Merger may give local Bell hangups SBC, Ameritech to enter Balto. market after $62 billion deal

Phone companies

May 12, 1998|By Mark Ribbing | Mark Ribbing,SUN STAFF

The proposed $62 billion merger between regional telephone companies SBC Communications Inc. and Ameritech Corp. could prod Bell Atlantic Corp. to get back into the mergers game, analysts say.

San Antonio-based SBC's planned purchase of Chicago's Ameritech would be the largest consolidation the merger-happy telecommunications industry has seen. The deal, announced yesterday, would make SBC the largest Bell company, giving it a local-service empire of 56.3 million lines in 13 states.

The blockbuster deal reflects the industry's bigger-is-better mentality. Since the Telecommunications Act of 1996 set the stage for local and long-distance companies to enter each other's markets, phone companies have sought to merge to cut costs and offer a broader array of services.

"Size matters, and the industry is consolidating down to just a few big players," said Scott C. Cleland of the Legg Mason Precursor Group in Washington.

Of the seven regional local-service firms created by the 1984 breakup of AT&T, only four will be left if the SBC-Ameritech marriage is approved: SBC, New York-based Bell Atlantic, BellSouth Corp. of Atlanta and US West Inc. of Denver.

The Bells have often cooperated on legal and regulatory issues and have largely avoided poaching on each other's turf. As deregulation continues, however, this is likely to change.

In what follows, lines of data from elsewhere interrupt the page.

text \<open>Admissibility of the coefficient families (the shape of the o_(b+j) described in the context):
  t-adic convergence (finitely many terms per power of t) and the order constraints.\<close>
definition o_admissible :: "nat \<Rightarrow> nat \<Rightarrow> nat
    \<Rightarrow> (nat \<Rightarrow> nat \<Rightarrow> (nat \<Rightarrow> nat) \<Rightarrow> complex)
    \<Rightarrow> (nat \<Rightarrow> nat \<Rightarrow> (nat \<Rightarrow> nat) \<Rightarrow> nat \<Rightarrow> nat \<Rightarrow> complex) \<Rightarrow> bool" where
  "o_admissible a b d al1 al2 \<longleftrightarrow>
     (\<forall>j m. finite {l. al1 j m l \<noteq> 0}) \<and>
     (\<forall>j m. finite {(l, k, k'). al2 j m l k k' \<noteq> 0}) \<and>
     (\<forall>j m l. al1 j m l \<noteq> 0 \<longrightarrow>
        m + d * (\<Sum>p=2..a. p * l p) \<ge> d * (b + j) + 1) \<and>
     (\<forall>j m l k k'. al2 j m l k k' \<noteq> 0 \<longrightarrow>
        k \<in> {2..a} \<and> k' \<in> {2..a} \<and>
        int m + int d * (\<Sum>p=2..a. int p * int (l p)) \<ge> int d * int (b + j) - int d * int (k + k'))"

abbreviation fsc :: "rat \<Rightarrow> complex fps" where
  "fsc q \<equiv> fps_const (of_rat q)"

definition solves :: "nat \<Rightarrow> nat \<Rightarrow> nat \<Rightarrow> (nat \<Rightarrow> complex) \<Rightarrow> (nat \<Rightarrow> complex fps)
    \<Rightarrow> (nat \<Rightarrow> nat \<Rightarrow> (nat \<Rightarrow> nat) \<Rightarrow> complex)
    \<Rightarrow> (nat \<Rightarrow> nat \<Rightarrow> (nat \<Rightarrow> nat) \<Rightarrow> nat \<Rightarrow> nat \<Rightarrow> complex)
    \<Rightarrow> nat \<Rightarrow> (nat \<Rightarrow> complex fps) \<Rightarrow> bool" where
  "solves a b d ct C al1 al2 K c \<longleftrightarrow>
     (\<forall>j\<in>{1..a-1}. fps_X ^ (d * (b + j) + K) dvd
        (barf fsc a b C c j
         - (fps_X ^ (d * (b + j)) * fps_const (fcoef of_rat a b ct (b + j)) + oval a C al1 al2 j c)))"

end

theory Submission
  imports Defs
begin

text \<open>A Hensel-type lifting step. Raise the approximate solution to
  \<open>c\<^sub>i = c\<^sub>i(k-1) + \<delta>\<^sub>i t\<^sup>d\<^sup>i\<^sup>+\<^sup>k\<close>. Viewed as a polynomial in the \<open>c\<^sub>i\<close> and the constants
  \<open>c\<^sub>i(-\<infinity>)\<close>, each \<open>bar f\<^sub>b\<^sub>+\<^sub>j\<close> is weighted homogeneous of weight \<open>b + j\<close> when \<open>c\<^sub>i\<close> and
  \<open>c\<^sub>i(-\<infinity>)\<close> have weight \<open>i\<close>, and all these series start with \<open>t\<^sup>d\<^sup>i \<tilde>c\<^sub>i\<close>. Hence the
  perturbation changes \<open>bar f\<^sub>b\<^sub>+\<^sub>j\<close> at order \<open>d(b + j) + k\<close> exactly by the Jacobian of condition (T)
  applied to \<open>\<delta>\<close>, while by their order constraints the \<open>o\<^sub>b\<^sub>+\<^sub>j\<close> do not change below order
  \<open>d(b + j) + k + 1\<close>. As the Jacobian is invertible, \<open>\<delta>\<close> can be chosen to cancel the error of the
  system at order \<open>d(b + j) + k\<close>.\<close>

section \<open>Leading terms of power series\<close>

lemma fps_X_power_dvd_iff: "fps_X ^ n dvd (f :: 'a::comm_ring_1 fps) \<longleftrightarrow> (\<forall>i<n. fps_nth f i = 0)"
proof
  assume "fps_X ^ n dvd f"
  then obtain g where "f = fps_X ^ n * g" by (auto elim: dvdE)
  then show "\<forall>i<n. fps_nth f i = 0" by (simp add: fps_X_power_mult_nth)
next
  assume "\<forall>i<n. fps_nth f i = 0"
  then have "f = fps_X ^ n * Abs_fps (\<lambda>i. fps_nth f (i + n))"
    by (intro fps_ext) (simp add: fps_X_power_mult_nth)
  then show "fps_X ^ n dvd f" by (metis dvd_triv_left)
qed

definition fps_lead :: "nat \<Rightarrow> 'a::comm_ring_1 fps \<Rightarrow> 'a \<Rightarrow> bool" where
  "fps_lead N x y \<longleftrightarrow> fps_X ^ (N + 1) dvd x - fps_X ^ N * fps_const y"

lemma fps_lead_iff: "fps_lead N x y \<longleftrightarrow> (\<forall>i<N. fps_nth x i = 0) \<and> fps_nth x N = y"
  unfolding fps_lead_def fps_X_power_dvd_iff
  by (auto simp: fps_X_power_mult_nth less_Suc_eq)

"If I were Bell Atlantic, I would be very concerned about this merger," said Jack Nadler, a telecommunications attorney at Squire, Sanders & Dempsey LLP in Washington. "As things have shaped up, Bell Atlantic and SBC are clearly the two largest [Bell companies]. Ultimately there is a good possibility that these companies will want to compete against each other."

In its merger announcement, SBC -- widely viewed as the most aggressive of the Bells -- said it will offer local service in the 30 largest markets outside its home territory, including Baltimore.

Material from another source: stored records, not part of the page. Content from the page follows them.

lemma pst_vertices_complementary:
  assumes "u \<in> ksubsets n k" "v \<in> ksubsets n k" "u \<noteq> v"
    and pst: "cmod (transition (ksubsets n k) (union_adj n k S) t u v) = 1"
  shows "u = {1..n} - v"
proof -
  let ?N = "{1..n}"
  let ?H = "transition (ksubsets n k) (union_adj n k S) t"
  have same_side: "x \<in> u \<longleftrightarrow> y \<in> u" if "x \<in> ?N" "y \<in> ?N" "x \<in> v \<longleftrightarrow> y \<in> v" for x y
  proof -
    let ?\<tau> = "Transposition.transpose x y"
    have \<tau>: "bij_betw ?\<tau> ?N ?N"
      using that(1,2) by simp
    then have "?H (?\<tau> ` u) v = ?H u v"
      using transition_union_adj_image[OF \<tau> assms(1,2)] that(3) by simp
    moreover have "?H (?\<tau> ` u) v = 0" if "?\<tau> ` u \<noteq> u"
      by (rule transition_column_unique[OF finite_ksubsets _ _ assms(2,1) pst
            image_mem_ksubsets[OF \<tau> assms(1)] that])
        (simp_all add: union_adj_symmetric cnj_union_adj)
    ultimately have "?\<tau> ` u = u"
      using pst by force
    then show ?thesis
      by (metis Transposition.transpose_apply_first Transposition.transpose_apply_second imageI)
  qed
  have sub: "u \<subseteq> ?N" "v \<subseteq> ?N" and card: "card u = card v"
    using assms(1,2) by (auto simp: ksubsets_def)
  have "\<not> v \<subseteq> u" "\<not> u \<subseteq> v"
    using assms(3) sub card card_subset_eq[of u v] card_subset_eq[of v u]
    by (auto intro: finite_subset)
  then obtain a b where a: "a \<in> v - u" and b: "b \<in> u - v"
    by blast
  have "u \<inter> v = {}"
    using same_side[of a] a sub by blast
  moreover have "?N - v \<subseteq> u"
    using same_side[of b] b sub by blast
  ultimately show ?thesis
    using sub by blast
qed

lemma pst_forces_half_size:
  assumes "u \<in> ksubsets n k" "v \<in> ksubsets n k" "u \<noteq> v"
    and "cmod (transition (ksubsets n k) (union_adj n k S) t u v) = 1"
  shows "n = 2 * k"
proof -
  have "u = {1..n} - v"
    by (rule pst_vertices_complementary[OF assms])
  then have "{1..n} - v \<in> ksubsets n k" "{1..n} - v \<in> ksubsets n (n - k)"
    using assms(1,2) complement_mem_ksubsets by auto
  moreover have "k \<le> n"
    using assms(2) card_mono[of "{1..n}" v] by (auto simp: ksubsets_def)
  ultimately show ?thesis
    by (auto simp: ksubsets_def)
qed

lemma transition_complement_invariant:
  assumes "n = 2 * k" "u \<in> ksubsets n k" "v \<in> ksubsets n k"
  shows "transition (ksubsets n k) (union_adj n k S) t ({1..n} - u) u
       = transition (ksubsets n k) (union_adj n k S) t ({1..n} - v) v"
proof -
  have sub: "u \<subseteq> {1..n}" "v \<subseteq> {1..n}" and "card u = card v"
    using assms(2,3) by (auto simp: ksubsets_def)
  then obtain \<sigma> where \<sigma>: "bij_betw \<sigma> {1..n} {1..n}" "\<sigma> ` u = v"
    by (rule ex_permutation_image_eq[OF finite_atLeastAtMost])
  then have "\<sigma> ` ({1..n} - u) = {1..n} - v"
    using sub inj_on_image_set_diff[of \<sigma> "{1..n}" "{1..n}" u] by (auto simp: bij_betw_def)
  moreover have "{1..n} - u \<in> ksubsets n k"
    using complement_mem_ksubsets[OF assms(2)] assms(1) by simp
  ultimately show ?thesis
    using transition_union_adj_image[OF \<sigma>(1) _ assms(2)] \<sigma>(2) by metis
qed

lemma transition_eq_complement_map:
  assumes "n = 2 * k" "v0 \<in> ksubsets n k"
    and pst: "cmod (transition (ksubsets n k) (union_adj n k S) t ({1..n} - v0) v0) = 1"
    and "u \<in> ksubsets n k" "v \<in> ksubsets n k"
  shows "transition (ksubsets n k) (union_adj n k S) t u v
       = (if u = {1..n} - v
          then transition (ksubsets n k) (union_adj n k S) t ({1..n} - v0) v0 else 0)"
proof -
  let ?H = "transition (ksubsets n k) (union_adj n k S) t"
  have partner: "?H ({1..n} - v) v = ?H ({1..n} - v0) v0"
    by (rule transition_complement_invariant[OF assms(1,5,2)])
  have "?H u v = 0" if "u \<noteq> {1..n} - v"
  proof (rule transition_column_unique[OF finite_ksubsets _ _ assms(5) _ _ assms(4) that])
    show "{1..n} - v \<in> ksubsets n k"
      using complement_mem_ksubsets[OF assms(5)] assms(1) by simp
    show "cmod (?H ({1..n} - v) v) = 1"
      using partner pst by simp
  qed (simp_all add: union_adj_symmetric cnj_union_adj)
  then show ?thesis
    using partner by simp
qed

lemma perm_matrix_involution:
  assumes "\<And>u. u \<in> V \<Longrightarrow> \<sigma> u \<in> V" "\<And>u. u \<in> V \<Longrightarrow> \<sigma> (\<sigma> u) = u"
  shows "perm_matrix V (\<lambda>u v. if \<sigma> u = v then 1 else 0)"
  unfolding perm_matrix_def
  by (intro exI[of _ \<sigma>] conjI bij_betw_byWitness[where f' = \<sigma>]) (use assms in auto)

This represents a direct strike against Bell Atlantic, which prides itself on its large, commercially desirable Eastern urban markets. Timothy K. Horan, an analyst with BancAmerica Robertson Stephens in New York, said he expects that SBC will offer local service in Bell Atlantic's territory within 12 to 18 months.

Horan said Bell Atlantic may respond to SBC's growth with merger or strategic partnership. He said Bell Atlantic "may need a more national or international strategy more quickly than it had anticipated."

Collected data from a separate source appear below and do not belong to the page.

(* Neither $\sim_{hpb}\subseteq\sim_{\mathrm{t}\mu}$ nor $\sim_{\mathrm{t}\mu}\subseteq\sim_{hpb}$: there exist systems $\mathfrak T_1,\mathfrak T_2$ with $\mathfrak T_1\sim_{hpb}\mathfrak T_2$ but $\mathfrak T_1\not\sim_{\mathrm{t}\mu}\mathfrak T_2$, and there exist systems $\mathfrak T_3,\mathfrak T_4$ with $\mathfrak T_3\sim_{\mathrm{t}\mu}\mathfrak T_4$ but $\mathfrak T_3\not\sim_{hpb}\mathfrak T_4$.
   Context: A system (TSI) is $\mathfrak T=(S,s_0,T,I,\Sigma)$ with states $S$, initial $s_0$, labels $\Sigma$, transitions $T\subseteq S\times\Sigma\times S$, irreflexive symmetric independence $I\subseteq T\times T$ satisfying: with $(s,a,s_1)\prec(s_2,a,q)$ iff $\exists b$: $(s,a,s_1)I(s,b,s_2)$, $(s,a,s_1)I(s_1,b,q)$, $(s,b,s_2)I(s_2,a,q)$ and $\sim$ its equivalence closure, (A1) $(s,a,s_1)\sim(s,a,s_2)\Rightarrow s_1=s_2$; (A2) $(s,a,s_1)I(s,b,s_2)\Rightarrow\exists q.\,(s,a,s_1)I(s_1,b,q)\wedge(s,b,s_2)I(s_2,a,q)$; (A3) $(s,a,s_1)I(s_1,b,q)\Rightarrow\exists s_2.\,(s,a,s_1)I(s,b,s_2)\wedge(s,b,s_2)I(s_2,a,q)$; (A4) $t\sim t'\Rightarrow\{u:tIu\}=\{u:t'Iu\}$; systems are image-finite. For $t=(s,a,s')$: $\sigma(t)=s,\tau(t)=s',\delta(t)=a$. Relations: $t\otimes t'$ iff $\sigma(t)=\sigma(t')\wedge tIt'$; $t\ominus t'$ iff $\tau(t)=\sigma(t')\wedge tIt'$; $t\le t'$ iff $\tau(t)=\sigma(t')\wedge\neg tIt'$. Processes: $\mathfrak X(s)$ = transitions with source $s$; conflict-free set = set of transitions with common source, pairwise $\otimes$; support sets = the $\mathfrak X(s)$ and non-empty conflict-free sets; $M\sqsubseteq R$ iff $M\subseteq R$ and no $t\in R\setminus M$ has $t\otimes t'$ for all $t'\in M$; $\mathcal X$ = all $\mathfrak X(s)$ and all support sets $M\sqsubseteq\mathfrak X(s)$; $\mathfrak A=T\cup\{t_\epsilon\}$ with fresh $t_\epsilon$, $\tau(t_\epsilon)=s_0$, $t_\epsilon\le t$ whenever $\sigma(t)=s_0$, never $t_\epsilon\ominus t$; $\mathfrak S=\mathcal X\times\mathfrak A$, initial process $(\mathfrak X(s_0),t_\epsilon)$. Trace modal mu-calculus equivalence $\sim_{\mathrm{t}\mu}$: systems are equivalent iff their initial processes satisfy the same closed fixpoint-free formulas $\phi::=\mathrm{tt}\mid\neg\phi\mid\phi\wedge\phi\mid\langle a\rangle\phi\mid\langle\otimes\rangle\phi$ with $[\![\langle a\rangle\phi]\!]=\{(R,t):\exists r\in R.\ \delta(r)=a,\ (t\le r\text{ or }t\ominus r),\ (\mathfrak X(\tau(r)),r)\in[\![\phi]\!]\}$, $[\![\langle\otimes\rangle\phi]\!]=\{(R,t):\exists M\in\mathcal X.\ M\sqsubseteq R,\ (M,t)\in[\![\phi]\!]\}$, and boolean connectives interpreted as usual in $\mathfrak S$. $\sim_{hpb}$: runs are finite sequences $[t_1,\dots,t_k]$ with $\sigma(t_1)=s_0$, $\sigma(t_{i+1})=\tau(t_i)$; $\varrho(\pi)$ is the last transition (empty run $\epsilon$ ends at $s_0$; its "last transition" is independent of nothing). The labelled poset of a run: elements $1..k$ labelled $\delta(t_i)$, order the reflexive-transitive closure of $\{(i,j):i<j,\neg t_iIt_j\}$. $(\pi_1.u,\pi_2.v)$ is synchronous iff $(\varrho(\pi_1),u)\in I_1\Leftrightarrow(\varrho(\pi_2),v)\in I_2$ and the labelled posets of $\pi_1.u,\pi_2.v$ are isomorphic. hpb game from $(\epsilon,\epsilon)$: Adam picks a system and a transition $u$ from the end state of the current run there; Eve answers with an equally labelled transition $v$ from the end state of the current run in the other system so that the extended pair is synchronous; a player unable to move loses; infinite plays are won by Eve. $\mathfrak T_1\sim_{hpb}\mathfrak T_2$ iff Eve has a winning strategy. *)

theory Defs
  imports Main
begin

section \<open>Transition systems with independence (TSI)\<close>

type_synonym ('s, 'l) trans = "'s \<times> 'l \<times> 's"

record ('s, 'l) tsi =
  St   :: "'s set"
  init :: 's
  Lab  :: "'l set"
  Tr   :: "('s, 'l) trans set"
  Ind  :: "(('s, 'l) trans \<times> ('s, 'l) trans) set"

definition src :: "('s, 'l) trans \<Rightarrow> 's" where "src t = fst t"
definition tgt :: "('s, 'l) trans \<Rightarrow> 's" where "tgt t = snd (snd t)"
definition lab :: "('s, 'l) trans \<Rightarrow> 'l" where "lab t = fst (snd t)"

definition prec :: "('s, 'l, 'x) tsi_scheme \<Rightarrow> ('s, 'l) trans \<Rightarrow> ('s, 'l) trans \<Rightarrow> bool" where
  "prec T t u \<longleftrightarrow> (\<exists>s a s1 s2 q b. t = (s, a, s1) \<and> u = (s2, a, q) \<and>
      (t, (s, b, s2)) \<in> Ind T \<and> (t, (s1, b, q)) \<in> Ind T \<and> ((s, b, s2), (s2, a, q)) \<in> Ind T)"

definition simT :: "('s, 'l, 'x) tsi_scheme \<Rightarrow> (('s, 'l) trans \<times> ('s, 'l) trans) set" where
  "simT T = ({(t, u). prec T t u} \<union> {(t, u). prec T u t})\<^sup>*"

Analysts named a number of potential partners for Bell Atlantic, including British Telecom. However, the most mentioned company was BellSouth. A Bell Atlantic-BellSouth merger would create a lucrative local-service territory stretching from Maine to Louisiana.

Bell Atlantic, which bought Nynex Corp. last year for $25.6 billion, declined to comment on whether it would attempt another merger. Company spokeswoman Susan Kraus said, "Through our own merger [with Nynex], we have the scale and scope to compete effectively with anyone, including a combined SBC and Ameritech. We're not going to change our strategy in any way."